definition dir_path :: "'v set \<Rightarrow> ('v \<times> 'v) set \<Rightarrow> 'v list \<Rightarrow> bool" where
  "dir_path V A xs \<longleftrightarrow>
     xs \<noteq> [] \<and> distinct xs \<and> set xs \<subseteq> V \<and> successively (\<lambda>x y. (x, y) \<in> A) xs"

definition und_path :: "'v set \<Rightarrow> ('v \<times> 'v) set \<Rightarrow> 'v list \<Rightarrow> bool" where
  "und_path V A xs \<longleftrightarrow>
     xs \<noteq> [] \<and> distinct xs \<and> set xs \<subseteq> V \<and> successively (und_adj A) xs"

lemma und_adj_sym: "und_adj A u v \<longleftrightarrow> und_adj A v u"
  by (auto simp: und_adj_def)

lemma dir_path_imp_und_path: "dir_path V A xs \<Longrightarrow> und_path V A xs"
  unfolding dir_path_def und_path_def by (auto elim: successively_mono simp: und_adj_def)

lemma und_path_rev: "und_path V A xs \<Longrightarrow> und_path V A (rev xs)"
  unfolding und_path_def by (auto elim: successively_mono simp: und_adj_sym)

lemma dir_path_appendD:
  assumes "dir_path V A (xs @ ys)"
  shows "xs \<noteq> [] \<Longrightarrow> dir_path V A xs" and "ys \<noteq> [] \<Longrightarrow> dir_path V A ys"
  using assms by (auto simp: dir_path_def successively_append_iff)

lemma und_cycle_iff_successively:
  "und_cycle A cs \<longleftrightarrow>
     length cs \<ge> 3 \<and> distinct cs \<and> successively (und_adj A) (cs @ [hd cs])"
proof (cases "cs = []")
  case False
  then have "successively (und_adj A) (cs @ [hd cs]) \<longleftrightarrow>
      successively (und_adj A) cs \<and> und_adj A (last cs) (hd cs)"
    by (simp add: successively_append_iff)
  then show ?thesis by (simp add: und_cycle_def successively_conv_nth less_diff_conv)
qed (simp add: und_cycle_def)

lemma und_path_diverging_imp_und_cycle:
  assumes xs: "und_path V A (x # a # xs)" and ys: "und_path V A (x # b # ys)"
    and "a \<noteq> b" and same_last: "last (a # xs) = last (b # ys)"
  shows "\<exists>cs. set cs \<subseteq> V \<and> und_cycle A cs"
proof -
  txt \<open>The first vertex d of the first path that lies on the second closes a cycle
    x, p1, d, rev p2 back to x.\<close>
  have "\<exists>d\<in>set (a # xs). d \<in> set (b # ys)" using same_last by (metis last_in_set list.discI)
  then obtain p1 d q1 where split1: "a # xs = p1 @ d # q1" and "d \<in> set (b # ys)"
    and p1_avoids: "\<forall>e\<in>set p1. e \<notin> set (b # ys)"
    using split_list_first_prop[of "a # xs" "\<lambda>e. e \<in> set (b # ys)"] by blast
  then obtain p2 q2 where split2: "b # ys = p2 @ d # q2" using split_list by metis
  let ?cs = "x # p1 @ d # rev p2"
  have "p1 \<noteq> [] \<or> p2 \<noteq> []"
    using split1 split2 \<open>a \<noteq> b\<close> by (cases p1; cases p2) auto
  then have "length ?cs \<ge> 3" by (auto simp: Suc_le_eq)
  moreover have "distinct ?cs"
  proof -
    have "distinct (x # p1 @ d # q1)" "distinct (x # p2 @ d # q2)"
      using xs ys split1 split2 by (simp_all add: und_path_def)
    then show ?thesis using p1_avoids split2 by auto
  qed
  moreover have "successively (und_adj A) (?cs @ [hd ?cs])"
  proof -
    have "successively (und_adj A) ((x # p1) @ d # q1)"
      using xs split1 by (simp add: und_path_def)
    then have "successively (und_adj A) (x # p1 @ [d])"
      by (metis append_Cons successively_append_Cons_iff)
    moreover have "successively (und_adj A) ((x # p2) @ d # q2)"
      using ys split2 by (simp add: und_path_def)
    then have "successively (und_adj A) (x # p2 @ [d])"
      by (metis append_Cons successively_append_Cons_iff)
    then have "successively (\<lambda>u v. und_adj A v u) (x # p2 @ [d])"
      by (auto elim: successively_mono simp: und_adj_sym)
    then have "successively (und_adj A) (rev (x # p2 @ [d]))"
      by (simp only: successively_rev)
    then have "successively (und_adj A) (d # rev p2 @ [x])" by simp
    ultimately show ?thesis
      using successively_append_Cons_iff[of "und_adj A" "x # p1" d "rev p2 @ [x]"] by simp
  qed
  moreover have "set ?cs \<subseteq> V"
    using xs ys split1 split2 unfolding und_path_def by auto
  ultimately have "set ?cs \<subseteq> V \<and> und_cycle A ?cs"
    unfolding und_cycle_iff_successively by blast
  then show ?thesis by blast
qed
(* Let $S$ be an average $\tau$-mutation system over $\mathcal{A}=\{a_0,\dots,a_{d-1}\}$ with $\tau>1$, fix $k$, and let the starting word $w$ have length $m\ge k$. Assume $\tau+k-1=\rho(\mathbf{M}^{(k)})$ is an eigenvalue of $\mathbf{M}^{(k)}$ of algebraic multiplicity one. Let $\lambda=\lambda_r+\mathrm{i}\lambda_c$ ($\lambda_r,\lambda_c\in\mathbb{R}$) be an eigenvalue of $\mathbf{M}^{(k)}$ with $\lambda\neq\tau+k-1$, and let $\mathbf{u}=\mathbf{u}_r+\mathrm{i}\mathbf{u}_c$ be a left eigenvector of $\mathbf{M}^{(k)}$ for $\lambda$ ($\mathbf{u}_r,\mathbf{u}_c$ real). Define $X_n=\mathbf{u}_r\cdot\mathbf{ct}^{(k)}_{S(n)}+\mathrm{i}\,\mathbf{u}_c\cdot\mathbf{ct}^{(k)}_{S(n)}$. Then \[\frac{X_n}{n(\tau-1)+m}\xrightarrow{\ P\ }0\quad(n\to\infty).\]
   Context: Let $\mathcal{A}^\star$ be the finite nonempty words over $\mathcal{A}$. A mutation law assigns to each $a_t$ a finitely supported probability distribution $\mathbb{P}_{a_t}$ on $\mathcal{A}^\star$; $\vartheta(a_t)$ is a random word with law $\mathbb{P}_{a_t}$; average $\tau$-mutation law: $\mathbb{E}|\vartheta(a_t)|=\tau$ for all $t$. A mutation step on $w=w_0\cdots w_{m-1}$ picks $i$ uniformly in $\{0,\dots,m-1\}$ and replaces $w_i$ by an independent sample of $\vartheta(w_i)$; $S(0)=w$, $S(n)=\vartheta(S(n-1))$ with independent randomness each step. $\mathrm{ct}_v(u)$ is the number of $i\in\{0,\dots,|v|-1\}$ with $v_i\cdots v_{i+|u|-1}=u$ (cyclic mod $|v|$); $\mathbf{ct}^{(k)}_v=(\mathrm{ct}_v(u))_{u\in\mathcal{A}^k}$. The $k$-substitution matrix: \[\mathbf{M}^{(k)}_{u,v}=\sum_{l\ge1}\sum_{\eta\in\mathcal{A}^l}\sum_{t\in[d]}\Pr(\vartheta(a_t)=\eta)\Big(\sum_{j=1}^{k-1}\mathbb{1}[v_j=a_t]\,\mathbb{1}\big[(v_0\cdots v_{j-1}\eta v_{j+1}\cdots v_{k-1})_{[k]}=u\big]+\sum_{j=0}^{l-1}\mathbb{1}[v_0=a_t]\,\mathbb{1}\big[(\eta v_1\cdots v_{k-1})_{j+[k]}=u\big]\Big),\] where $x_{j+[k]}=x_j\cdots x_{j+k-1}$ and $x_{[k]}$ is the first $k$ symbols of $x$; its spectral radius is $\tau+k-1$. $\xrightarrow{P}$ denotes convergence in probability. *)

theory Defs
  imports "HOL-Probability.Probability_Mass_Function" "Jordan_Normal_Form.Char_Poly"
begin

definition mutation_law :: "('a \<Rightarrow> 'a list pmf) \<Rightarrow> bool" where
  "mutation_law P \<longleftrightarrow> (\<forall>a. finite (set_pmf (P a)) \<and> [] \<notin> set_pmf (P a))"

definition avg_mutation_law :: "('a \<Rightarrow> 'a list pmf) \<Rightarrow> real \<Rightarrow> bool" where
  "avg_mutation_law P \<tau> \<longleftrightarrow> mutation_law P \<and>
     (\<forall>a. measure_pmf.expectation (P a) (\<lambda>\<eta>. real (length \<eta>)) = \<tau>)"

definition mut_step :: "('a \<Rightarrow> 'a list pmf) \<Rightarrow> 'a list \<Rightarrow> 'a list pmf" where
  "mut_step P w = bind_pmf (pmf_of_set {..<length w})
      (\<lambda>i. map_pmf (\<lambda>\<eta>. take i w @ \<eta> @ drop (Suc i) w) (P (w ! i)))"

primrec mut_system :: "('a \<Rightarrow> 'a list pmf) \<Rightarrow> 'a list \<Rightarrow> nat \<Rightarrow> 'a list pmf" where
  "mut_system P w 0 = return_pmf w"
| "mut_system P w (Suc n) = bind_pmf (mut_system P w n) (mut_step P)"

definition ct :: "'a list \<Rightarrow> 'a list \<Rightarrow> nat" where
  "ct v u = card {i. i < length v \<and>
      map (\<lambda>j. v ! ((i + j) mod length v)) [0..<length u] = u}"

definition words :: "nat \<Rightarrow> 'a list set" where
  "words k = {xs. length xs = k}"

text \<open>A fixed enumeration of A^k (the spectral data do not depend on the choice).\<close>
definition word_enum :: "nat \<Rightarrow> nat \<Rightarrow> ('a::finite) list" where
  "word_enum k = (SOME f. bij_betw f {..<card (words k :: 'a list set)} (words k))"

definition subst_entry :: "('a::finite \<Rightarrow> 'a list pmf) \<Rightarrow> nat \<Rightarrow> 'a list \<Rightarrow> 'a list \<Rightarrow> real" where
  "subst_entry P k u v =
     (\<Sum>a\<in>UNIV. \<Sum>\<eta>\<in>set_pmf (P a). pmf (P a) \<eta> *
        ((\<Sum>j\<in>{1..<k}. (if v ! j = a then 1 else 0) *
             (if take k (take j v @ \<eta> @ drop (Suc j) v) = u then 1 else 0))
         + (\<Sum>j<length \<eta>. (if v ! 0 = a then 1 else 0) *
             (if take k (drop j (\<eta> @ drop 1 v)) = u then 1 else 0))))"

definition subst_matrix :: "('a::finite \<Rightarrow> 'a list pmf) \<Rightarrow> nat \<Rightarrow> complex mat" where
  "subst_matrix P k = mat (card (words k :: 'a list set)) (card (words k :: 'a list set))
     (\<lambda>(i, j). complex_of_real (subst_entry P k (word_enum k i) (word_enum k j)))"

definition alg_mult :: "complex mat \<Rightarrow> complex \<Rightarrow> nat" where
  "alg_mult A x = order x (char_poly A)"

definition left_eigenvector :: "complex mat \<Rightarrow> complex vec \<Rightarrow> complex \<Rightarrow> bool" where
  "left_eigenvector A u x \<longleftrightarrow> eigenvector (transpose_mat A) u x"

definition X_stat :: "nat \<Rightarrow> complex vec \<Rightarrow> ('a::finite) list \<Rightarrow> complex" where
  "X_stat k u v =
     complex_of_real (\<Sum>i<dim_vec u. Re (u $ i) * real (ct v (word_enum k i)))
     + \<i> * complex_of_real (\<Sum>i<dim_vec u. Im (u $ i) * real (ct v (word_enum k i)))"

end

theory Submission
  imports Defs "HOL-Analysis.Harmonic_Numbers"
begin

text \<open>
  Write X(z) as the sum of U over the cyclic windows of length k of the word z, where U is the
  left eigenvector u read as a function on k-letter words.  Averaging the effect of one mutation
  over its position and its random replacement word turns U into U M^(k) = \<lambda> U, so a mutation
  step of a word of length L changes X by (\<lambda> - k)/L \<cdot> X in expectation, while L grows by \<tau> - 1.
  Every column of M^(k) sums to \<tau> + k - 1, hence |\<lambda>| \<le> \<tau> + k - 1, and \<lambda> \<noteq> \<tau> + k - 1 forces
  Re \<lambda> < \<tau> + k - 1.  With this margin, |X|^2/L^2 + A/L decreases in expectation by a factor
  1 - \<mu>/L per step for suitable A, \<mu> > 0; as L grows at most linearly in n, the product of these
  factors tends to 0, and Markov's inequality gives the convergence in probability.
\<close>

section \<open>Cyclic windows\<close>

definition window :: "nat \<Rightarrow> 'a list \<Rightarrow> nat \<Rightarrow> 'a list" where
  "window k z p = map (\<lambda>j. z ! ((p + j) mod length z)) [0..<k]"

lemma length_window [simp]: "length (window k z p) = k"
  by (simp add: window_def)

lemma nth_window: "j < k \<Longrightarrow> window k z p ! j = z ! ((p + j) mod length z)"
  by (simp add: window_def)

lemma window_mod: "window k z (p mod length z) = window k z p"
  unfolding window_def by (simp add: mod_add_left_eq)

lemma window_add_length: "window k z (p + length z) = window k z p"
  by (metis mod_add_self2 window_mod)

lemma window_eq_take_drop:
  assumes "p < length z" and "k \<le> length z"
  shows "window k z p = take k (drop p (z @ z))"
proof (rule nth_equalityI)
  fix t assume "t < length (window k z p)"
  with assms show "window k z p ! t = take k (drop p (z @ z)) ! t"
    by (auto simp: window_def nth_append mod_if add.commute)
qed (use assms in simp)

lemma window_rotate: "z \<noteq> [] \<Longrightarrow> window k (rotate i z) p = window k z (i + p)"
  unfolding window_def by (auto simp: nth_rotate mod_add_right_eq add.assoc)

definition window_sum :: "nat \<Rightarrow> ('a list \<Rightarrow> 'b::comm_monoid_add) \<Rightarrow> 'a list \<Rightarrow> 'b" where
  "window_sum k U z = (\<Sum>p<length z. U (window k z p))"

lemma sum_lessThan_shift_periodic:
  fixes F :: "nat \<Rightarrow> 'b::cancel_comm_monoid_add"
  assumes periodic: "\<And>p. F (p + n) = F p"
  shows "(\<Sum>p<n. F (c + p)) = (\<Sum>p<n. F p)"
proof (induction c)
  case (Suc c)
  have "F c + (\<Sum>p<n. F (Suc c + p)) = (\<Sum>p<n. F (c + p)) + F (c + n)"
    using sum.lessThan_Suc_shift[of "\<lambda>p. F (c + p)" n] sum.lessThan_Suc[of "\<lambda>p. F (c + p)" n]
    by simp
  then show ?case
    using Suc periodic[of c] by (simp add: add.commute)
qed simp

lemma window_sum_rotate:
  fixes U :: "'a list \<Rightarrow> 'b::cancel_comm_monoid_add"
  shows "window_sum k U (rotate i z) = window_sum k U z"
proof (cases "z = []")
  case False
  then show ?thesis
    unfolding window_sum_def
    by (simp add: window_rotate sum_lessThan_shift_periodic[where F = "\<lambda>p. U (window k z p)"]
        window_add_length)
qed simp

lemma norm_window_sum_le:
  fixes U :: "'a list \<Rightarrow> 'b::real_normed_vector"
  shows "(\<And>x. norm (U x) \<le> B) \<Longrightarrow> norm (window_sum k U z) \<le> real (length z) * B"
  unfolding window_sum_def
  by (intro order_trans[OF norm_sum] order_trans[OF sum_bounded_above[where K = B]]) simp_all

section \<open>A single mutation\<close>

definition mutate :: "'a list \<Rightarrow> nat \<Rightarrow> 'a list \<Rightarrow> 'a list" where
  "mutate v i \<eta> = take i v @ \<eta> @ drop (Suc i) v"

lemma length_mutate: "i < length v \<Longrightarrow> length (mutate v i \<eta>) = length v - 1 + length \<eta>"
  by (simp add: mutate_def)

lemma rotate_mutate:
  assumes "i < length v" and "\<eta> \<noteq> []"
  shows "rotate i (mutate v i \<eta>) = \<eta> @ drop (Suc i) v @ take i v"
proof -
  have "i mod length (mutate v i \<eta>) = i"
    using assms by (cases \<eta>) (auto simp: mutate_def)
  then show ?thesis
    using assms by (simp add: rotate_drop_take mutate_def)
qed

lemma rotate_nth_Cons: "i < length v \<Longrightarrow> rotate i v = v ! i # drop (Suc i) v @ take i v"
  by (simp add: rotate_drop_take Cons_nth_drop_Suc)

______________________________

__WORK INSTRUCTIONS__: Return every line from the material that contains the word "distinct".

__YOUR SOLUTION__:
     xs \<noteq> [] \<and> distinct xs \<and> set xs \<subseteq> V \<and> successively (\<lambda>x y. (x, y) \<in> A) xs"
     xs \<noteq> [] \<and> distinct xs \<and> set xs \<subseteq> V \<and> successively (und_adj A) xs"
     length cs \<ge> 3 \<and> distinct cs \<and> successively (und_adj A) (cs @ [hd cs])"
  moreover have "distinct ?cs"
    have "distinct (x # p1 @ d # q1)" "distinct (x # p2 @ d # q2)"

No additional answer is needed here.